In the present study, we evaluated the use of the ALARM method for automated measurement of liver attenuation and prevalence of NAFLD, an important marker of future cardiovascular risk. To the best of our knowledge, the proposed ALARM pipeline is the first open-source pipeline that performs automatic ROI-based liver attenuation estimation by combining DCNN and morphological operations. ALARM method determination of liver attenuation and NAFLD detection was highly correlated with gold-standard manual tracings performed by a trained analyst. From Figure 5 and Table 1, the proposed ALARM method is able to achieve good automatic liver attenuation estimation across different scan series. The manual protocols of liver attenuation estimation can be done efficiently in clinical practice. However, it might not be a scalable method and typically not desired in large-scale imaging analysis studies, especially for the large-scale retrospective studies.
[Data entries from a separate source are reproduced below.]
lemma has_sum_configurations_insert:
  assumes "w \<notin> A"
  shows "(h has_sum c) (configurations (insert w A)) \<longleftrightarrow>
    ((\<lambda>(k, n). h (n(w := k))) has_sum c) (UNIV \<times> configurations A)"
proof (rule has_sum_reindex_bij_witness[where j="\<lambda>n. (n w, n(w := 0))" and i="\<lambda>(k, n). n(w := k)"])
  fix b :: "nat \<times> (nat \<Rightarrow> nat)" assume "b \<in> UNIV \<times> configurations A"
  then obtain k n where kn: "b = (k, n)" "n \<in> configurations A" by auto
  then have "n w = 0" using assms by (auto simp: configurations_def)
  then show "((case b of (k, n) \<Rightarrow> n(w := k)) w, (case b of (k, n) \<Rightarrow> n(w := k))(w := 0)) = b"
    using kn by auto
  show "(case b of (k, n) \<Rightarrow> n(w := k)) \<in> configurations (insert w A)"
    using kn by (auto simp: configurations_def)
qed (auto simp: configurations_def)

lemma has_sum_product_form:
  fixes f :: "nat \<Rightarrow> nat \<Rightarrow> real" and \<phi> :: "(nat \<Rightarrow> nat) \<Rightarrow> real"
  assumes "finite W" "W \<inter> B = {}"
    and f_sum: "\<And>j. j \<in> W \<Longrightarrow> (f j has_sum 1) UNIV"
    and f_nonneg: "\<And>j k. j \<in> W \<Longrightarrow> 0 \<le> f j k"
    and \<phi>_sum: "(\<phi> has_sum c) (configurations B)"
    and \<phi>_nonneg: "\<And>b. b \<in> configurations B \<Longrightarrow> 0 \<le> \<phi> b"
  shows "((\<lambda>n. (\<Prod>j\<in>W. f j (n j)) * \<phi> (\<lambda>j. if j \<in> B then n j else 0)) has_sum c)
           (configurations (W \<union> B))"
  using assms(1,2) f_sum f_nonneg
proof (induction W rule: finite_induct)
  case empty
  show ?case unfolding Un_empty_left
  proof (rule has_sum_cong[THEN iffD2, OF _ \<phi>_sum])
    fix n :: "nat \<Rightarrow> nat" assume "n \<in> configurations B"
    then have "(\<lambda>j. if j \<in> B then n j else 0) = n" by (auto simp: fun_eq_iff configurations_def)
    then show "(\<Prod>j\<in>{}. f j (n j)) * \<phi> (\<lambda>j. if j \<in> B then n j else 0) = \<phi> n" by simp
  qed
next
  case (insert w W)
  let ?F = "\<lambda>n. (\<Prod>j\<in>W. f j (n j)) * \<phi> (\<lambda>j. if j \<in> B then n j else 0)"
  let ?G = "\<lambda>n. (\<Prod>j\<in>insert w W. f j (n j)) * \<phi> (\<lambda>j. if j \<in> B then n j else 0)"
  have "((\<lambda>(k, n). f w k * ?F n) has_sum 1 * c) (UNIV \<times> configurations (W \<union> B))"
  proof (rule has_sum_mult_Times)
    show "(?F has_sum c) (configurations (W \<union> B))" using insert by auto
    show "0 \<le> ?F n" if "n \<in> configurations (W \<union> B)" for n
      using insert(6) \<phi>_nonneg that by (intro mult_nonneg_nonneg prod_nonneg) (auto simp: configurations_def)
  qed (use insert in auto)
  moreover have "f w k * ?F n = ?G (n(w := k))" for k n
  proof -
    have "(\<Prod>j\<in>W. f j ((n(w := k)) j)) = (\<Prod>j\<in>W. f j (n j))"
      using insert(2) by (intro prod.cong refl) auto
    moreover have "(\<lambda>j. if j \<in> B then (n(w := k)) j else 0) = (\<lambda>j. if j \<in> B then n j else 0)"
      using insert(4) by (auto simp: fun_eq_iff)
    ultimately show ?thesis using insert(1,2) by simp
  qed
  ultimately have "((\<lambda>(k, n). ?G (n(w := k))) has_sum c) (UNIV \<times> configurations (W \<union> B))"
    by simp
  then have "(?G has_sum c) (configurations (insert w (W \<union> B)))"
    using has_sum_configurations_insert[of w "W \<union> B" ?G c] insert(2,4) by blast
  then show ?case by simp
qed

section \<open>Balance equations of network rates\<close>

lemma net_states_upd:
  "n \<in> net_states J \<Longrightarrow> i \<in> {1..J} \<Longrightarrow> n(i := k) \<in> net_states J"
  by (auto simp: net_states_def)

lemma arrival_eq_iff:
  "(m = n(i := n i + 1)) \<longleftrightarrow> (0 < m i \<and> n = (m(i := m i - 1) :: nat \<Rightarrow> nat))"
  by (auto simp: fun_eq_iff)

lemma transfer_eq_iff:
  "i \<noteq> j \<Longrightarrow> (0 < n j \<and> m = n(j := n j - 1, i := n i + 1)) \<longleftrightarrow>
     (0 < m i \<and> n = (m(i := m i - 1, j := m j + 1) :: nat \<Rightarrow> nat))"
  by (auto simp: fun_eq_iff)
definition nonexpansive :: "('f::real_normed_field ^ 'n \<Rightarrow> real) \<Rightarrow> ('f ^ 'n ^ 'n) \<Rightarrow> bool" where
  "nonexpansive \<nu> A \<longleftrightarrow> op_norm \<nu> A \<le> 1"

definition paracontracting :: "('f::real_normed_field ^ 'n \<Rightarrow> real) \<Rightarrow> ('f ^ 'n ^ 'n) \<Rightarrow> bool" where
  "paracontracting \<nu> A \<longleftrightarrow> (\<forall>x. A *v x \<noteq> x \<longrightarrow> \<nu> (A *v x) < \<nu> x)"

definition l_paracontracting :: "('f::real_normed_field ^ 'n \<Rightarrow> real) \<Rightarrow> ('f ^ 'n ^ 'n) \<Rightarrow> bool" where
  "l_paracontracting \<nu> A \<longleftrightarrow>
     (\<exists>\<gamma>>0. \<forall>x. \<nu> (A *v x) \<le> \<nu> x - \<gamma> * \<nu> (A *v x - x))"

definition H_contractor :: "('f::real_normed_field ^ 'n \<Rightarrow> real) \<Rightarrow> (('f ^ 'n) set) \<Rightarrow> ('f ^ 'n ^ 'n) \<Rightarrow> bool" where
  "H_contractor \<nu> H A \<longleftrightarrow>
     nonexpansive \<nu> A \<and> (\<forall>x\<in>H. A *v x \<in> H) \<and> op_norm_on \<nu> H A < 1"

definition range_IA :: "('f::real_normed_field ^ 'n ^ 'n) \<Rightarrow> ('f ^ 'n) set" where
  "range_IA A = range (\<lambda>x. x - A *v x)"

definition null_IA :: "('f::real_normed_field ^ 'n ^ 'n) \<Rightarrow> ('f ^ 'n) set" where
  "null_IA A = {x. x - A *v x = 0}"

end

theory Submission
  imports Defs
begin
(* Let $\mu \colon \mathbb{R}^d\setminus\{0\} \to \mathbb{R}$ be a $C^2$ function, positively homogeneous of degree $m \ge 2$, such that $\det \nabla^2 \mu(x) \ne 0$ whenever $|x|=1$. Then for every $x_0 \in \mathbb{R}^d$ with $|x_0|=1$ there exist an open conic neighbourhood $\Gamma \subset \mathbb{R}^d\setminus\{0\}$ of $x_0$ and a constant $C>0$ such that \[ |\nabla \mu(x)-\nabla \mu(y)| \ge C |x-y|\,(|x|^{m-2}+|y|^{m-2}) \qquad \text{for all } x,y \in \Gamma. \]
   Context: A set $\Gamma\subset\mathbb{R}^d\setminus\{0\}$ is conic if $\lambda x\in\Gamma$ for all $x\in\Gamma$ and $\lambda>0$. *)

theory Defs
  imports "HOL-Analysis.Analysis"
begin

definition conic :: "('a::real_vector) set \<Rightarrow> bool" where
  "conic \<Gamma> \<longleftrightarrow> \<Gamma> \<subseteq> - {0} \<and> (\<forall>x\<in>\<Gamma>. \<forall>c>0. c *\<^sub>R x \<in> \<Gamma>)"

end

(*
  Differentiating the homogeneity relation shows that grad mu and the Hessian H are
  positively homogeneous of degrees m - 1 and m - 2, and Euler's identity
  H(x0) x0 = (m - 1) grad mu(x0) shows grad mu(x0) <> 0.  Since H(x0) is invertible,
  |H(x0) v| >= kappa |v|.  By continuity there is a narrow convex cone around x0 on whose
  unit vectors H stays within kappa/2 of H(x0) and |grad mu| stays between a and 3a.
  Let x, y lie in the cone with |y| <= |x|.  If |y| <= |x|/6, homogeneity makes
  |grad mu(x)| ~ |x|^(m-1) dominate |grad mu(y)|.  Otherwise the segment from y to x keeps
  a distance of order |x| from the origin, and the mean value theorem applied to the
  component of grad mu along H(x0)(x - y) gives a lower bound of order |x|^(m-2) |x - y|.
*)
theory Submission
  imports Defs
begin
lemma unit_rows_flow_lower_bound:
  fixes M :: "real^'n::finite^'n" and z u :: "real \<Rightarrow> real^'n" and \<phi> \<phi>' :: "real \<Rightarrow> real"
  assumes offdiag: "\<And>i j. i \<noteq> j \<Longrightarrow> M $ i $ j \<le> 0" and rows: "M *v 1 = 1"
    and z_der: "\<And>t. t \<ge> T \<Longrightarrow> (z has_vector_derivative u t - M *v z t) (at t within {T..})"
    and \<phi>_der: "\<And>t. t \<ge> T \<Longrightarrow> (\<phi> has_real_derivative \<phi>' t) (at t within {T..})"
    and forcing: "\<And>t i. t \<ge> T \<Longrightarrow> 0 \<le> u t $ i + \<phi> t + \<phi>' t"
    and init: "\<And>i. 0 \<le> z T $ i + \<phi> T" and "T \<le> t"
  shows "0 \<le> z t $ i + \<phi> t"
proof -
  define P where "P t i j = - M $ i $ j" for t :: real and i j
  \<comment> \<open>Since M 1 = 1, y = z + \<phi> 1 satisfies y' \<ge> - M y.\<close>
  define y where "y t = z t + \<phi> t *\<^sub>R 1" for t
  have "0 \<le> y t $ i"
  proof (rule metzler_comparison_nonneg[of T P y "\<lambda>t. u t - M *v z t + \<phi>' t *\<^sub>R 1"])
    fix t and i j :: 'n assume "i \<noteq> j"
    then show "0 \<le> P t i j" using offdiag by (simp add: P_def)
  next
    fix t assume "T \<le> t"
    then show "(y has_vector_derivative u t - M *v z t + \<phi>' t *\<^sub>R 1) (at t within {T..})"
      unfolding y_def by (intro has_vector_derivative_add z_der) (auto intro!: derivative_eq_intros \<phi>_der)
  next
    fix t and i :: 'n assume "T \<le> t"
    have "(\<Sum>j\<in>UNIV. P t i j * y t $ j) = - (M *v y t) $ i"
      by (simp add: P_def matrix_vector_mult_def sum_negf)
    also have "M *v y t = M *v z t + \<phi> t *\<^sub>R 1"
      by (simp add: y_def matrix_vector_right_distrib matrix_vector_mult_scaleR rows)
    finally have "(\<Sum>j\<in>UNIV. P t i j * y t $ j) = - (M *v z t) $ i - \<phi> t" by simp
    then show "(\<Sum>j\<in>UNIV. P t i j * y t $ j) \<le> (u t - M *v z t + \<phi>' t *\<^sub>R 1) $ i"
      using forcing[OF \<open>T \<le> t\<close>, of i] by simp
  qed (use init \<open>T \<le> t\<close> in \<open>auto simp: y_def P_def\<close>)
  then show ?thesis by (simp add: y_def)
qed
Using the proposed ALARM method, we are able to achieve the liver attenuation measurements from the large-scale cohorts automatically.

The prevalence of NAFLD, which may already affect up to 33% worldwide, may be expected to only increase in the coming years secondary to the obesity epidemic. NAFLD is associated with higher risk for cardiovascular disease risk and progression of NAFLD to more serious liver disease increases risk of hepatic cancer, liver failure and the need for liver transplantation. It is thus imperative that large scale means for identifying those at risk for NAFLD be developed. CT is often used for population studies of liver attenuation and NAFLD, but these studies are limited by the resource-intensive need to train analysts to manually place liver ROIs consistently. Nevertheless, liver attenuation has been measured thousands of study participants in Framingham31, Jackson Heart Study32, CARDIA33 and MESA34 and pooled to provide evidence of the genetic components of NAFLD8. Thus, we developed and tested the ALARM method for liver attenuation determination potentially opening the door for measurement of fatty liver in tens of thousands of study participants or patients.

Using the proposed method, the resource consuming manual annotation is eliminated from the pipeline. Moreover, the ALARM method typically takes five minutes to perform liver attenuation estimation from a abdomen CT scan. Therefore, we are able to deploy the ALARM method on the larger scale clinical cohorts without manual efforts to understand the relationship between liver attenuation and diseases. From the results, the proposed method achieved “excellent” agreement with manual measurement on the fatty liver detection.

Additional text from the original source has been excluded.